Oh, I also learned that I do not care to arrive at the summit. I could do it and this one was considered a small summit only at 2366 meters.
This may have also been why I felt good generally. Emotionally. I liked the group and I liked myself within the group. Sure, parts of me will remain in the background, but other parts were center stage. I am sure each and everyone kept parts of him or herself away and shared some with us. Essentially, I felt at home in my self and body. I am thinking that it was easy being with the group because by virtue of mostly walking, mostly being in nature, it was a quiet event. I often feel nervous or uncomfortable because of noise. The guide, prompted by a question from the group, sometimes went on too long and too loud, but he had so much to share with us and he did it so generously that I loved him for it.
Sometimes I felt my lower back, a pain settling there, it was also (alongside my dull continuous headache) a suggestion that my period was on its way although early. My knees were present, especially my left one, especially to the right side of it, calling my attention with a variety of pain(s). My left ankle too, on the inside, the pain present now for a few weeks continued but managed to remain polite. And when my period did come, I was tired. On the last day, I did take a moment to thank my body. A sort of ritual inspired by your ways. I offered my body parts gratitude and love. And it was sincere and joyous. I felt happy. I think I would have liked the walk to continue. What is that? What is the meaning of my desire to continue walking?
My desire for being in nature, on a route, something with a plan but minimally designed. The passage of time measured by steps and heartbeats. With fellow walkers, not too many, mostly quiet. Carrying water for one day and just a bit of energy in a snack. The sound of my breathing comes back to my ears, hearing it from within and from without. Physical. Muscle and bone. What is it? Occupied but doing nothing. There is nothing glorious with the end of the walk, for tomorrow the walk continues, nowhere to arrive to, no conclusion, no meaning.
The only person I see walking all the time is that lanky man we always see on the streets around Drepano. Seemingly an outsider, a strange one, his hair long, smoking rolled cigarettes, sometimes a bottle in his hand, sometimes crouching taking a break under a tree. Something to think about.

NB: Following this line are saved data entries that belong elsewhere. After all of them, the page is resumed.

(* Let $\tau\in\mathcal{T}$. Let $\mathbf{k}(\tau)$ be the number of edges of $\tau$ labelled $I'$ and $\mathbf{l}(\tau)$ the number of leaves of $\tau$. Then $\mathbf{l}(\tau)+\mathbf{k}(\tau)$ is odd.
   Context: $\mathcal{T}$ is the smallest set of rooted trees with edges labelled $I$ or $I'$ containing the single-vertex tree $\bullet$ and such that for $\tau_1,\tau_2,\tau_3\in\mathcal{T}$ the tree $I(\tau_1)I(\tau_2)I(\tau_3)$ (a new root joined to the roots of $\tau_1,\tau_2,\tau_3$ by edges labelled $I$) is in $\mathcal{T}$, and for $\tau_1,\tau_2\in\mathcal{T}$ the tree $I(\tau_1)I'(\tau_2)$ (a new root joined to the root of $\tau_1$ by an $I$-edge and to the root of $\tau_2$ by an $I'$-edge) is in $\mathcal{T}$. A leaf is a non-root vertex of degree 1, or the root of the single-vertex tree. *)

theory Defs
  imports Main
begin

text \<open>Trees of the class T: the single vertex, a root with three I-children,
  or a root with one I-child (first argument) and one I'-child (second argument).\<close>
datatype tr = Dot | Node3 tr tr tr | NodeIP tr tr

fun kI :: "tr \<Rightarrow> nat" where
  "kI Dot = 0"
| "kI (Node3 a b c) = kI a + kI b + kI c"
| "kI (NodeIP a b) = kI a + kI b + 1"

fun nchildren :: "tr \<Rightarrow> nat" where
  "nchildren Dot = 0"
| "nchildren (Node3 _ _ _) = 3"
| "nchildren (NodeIP _ _) = 2"

text \<open>Number of non-root vertices of degree 1 (degree = children + 1 for the parent edge).\<close>
fun nonroot_leaves :: "tr \<Rightarrow> nat" where
  "nonroot_leaves Dot = 0"
| "nonroot_leaves (Node3 a b c) =
     (\<Sum>t\<leftarrow>[a,b,c]. (if nchildren t + 1 = 1 then 1 else 0) + nonroot_leaves t)"
| "nonroot_leaves (NodeIP a b) =
     (\<Sum>t\<leftarrow>[a,b]. (if nchildren t + 1 = 1 then 1 else 0) + nonroot_leaves t)"

definition lv :: "tr \<Rightarrow> nat" where
  "lv t = (if t = Dot then 1 else nonroot_leaves t)"

end

theory Submission
  imports Defs
begin

text \<open>The leaf count is additive over the subtrees of the root, so the parity of
  \<open>lv + kI\<close> is the sum of the children's parities, plus one for an \<open>I'\<close>-edge.
  Three odd summands, or two odd summands plus one, again give an odd number.\<close>

lemma lv_as_child: "(if nchildren t + 1 = 1 then 1 else 0) + nonroot_leaves t = lv t"
  by (cases t) (simp_all add: lv_def)

lemma lv_Node3: "lv (Node3 a b c) = lv a + lv b + lv c"
  by (subst lv_def)
    (simp only: tr.distinct if_False nonroot_leaves.simps list.map sum_list_simps lv_as_child)

lemma lv_NodeIP: "lv (NodeIP a b) = lv a + lv b"
  by (subst lv_def)
    (simp only: tr.distinct if_False nonroot_leaves.simps list.map sum_list_simps lv_as_child)

theorem lemma3p25:
  fixes \<tau> :: tr
  shows "odd (lv \<tau> + kI \<tau>)"
proof (induction \<tau>)
  case Dot
  then show ?case by (simp add: lv_def)
next
  case (Node3 a b c)
  then show ?case by (simp add: lv_Node3)
next
  case (NodeIP a b)
  then show ?case by (simp add: lv_NodeIP)
qed

end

What have I written Ola? I cannot seem to be able to read it back. I hope this letter brings you a gift from my trip.
Love,
Chau.
Dear Chau,
I will be brief. You keep saying that we now live very different lives and we both laugh when you say that, but we do not. You are counting your breaths and steps, and every morning I send you how many hours I slept. Every morning I check on how many hours my father slept and how much H2O did he drink, and how many times he smiled a day. We are both counting. So far, I have counted at least 8 different types of insects at the farm, the one that keeps me company is the blue mint beetle, right now I have four on top of me.
From the outside it seems that you and I are living differently, but trust me we are not. We are both living very deeply, the tools and ways are different, the circumstances are different and of course the scenery but we are both seeking the same thing, to learn who we are.
With your walks you extend our lives, so please never stop. You have to keep walking.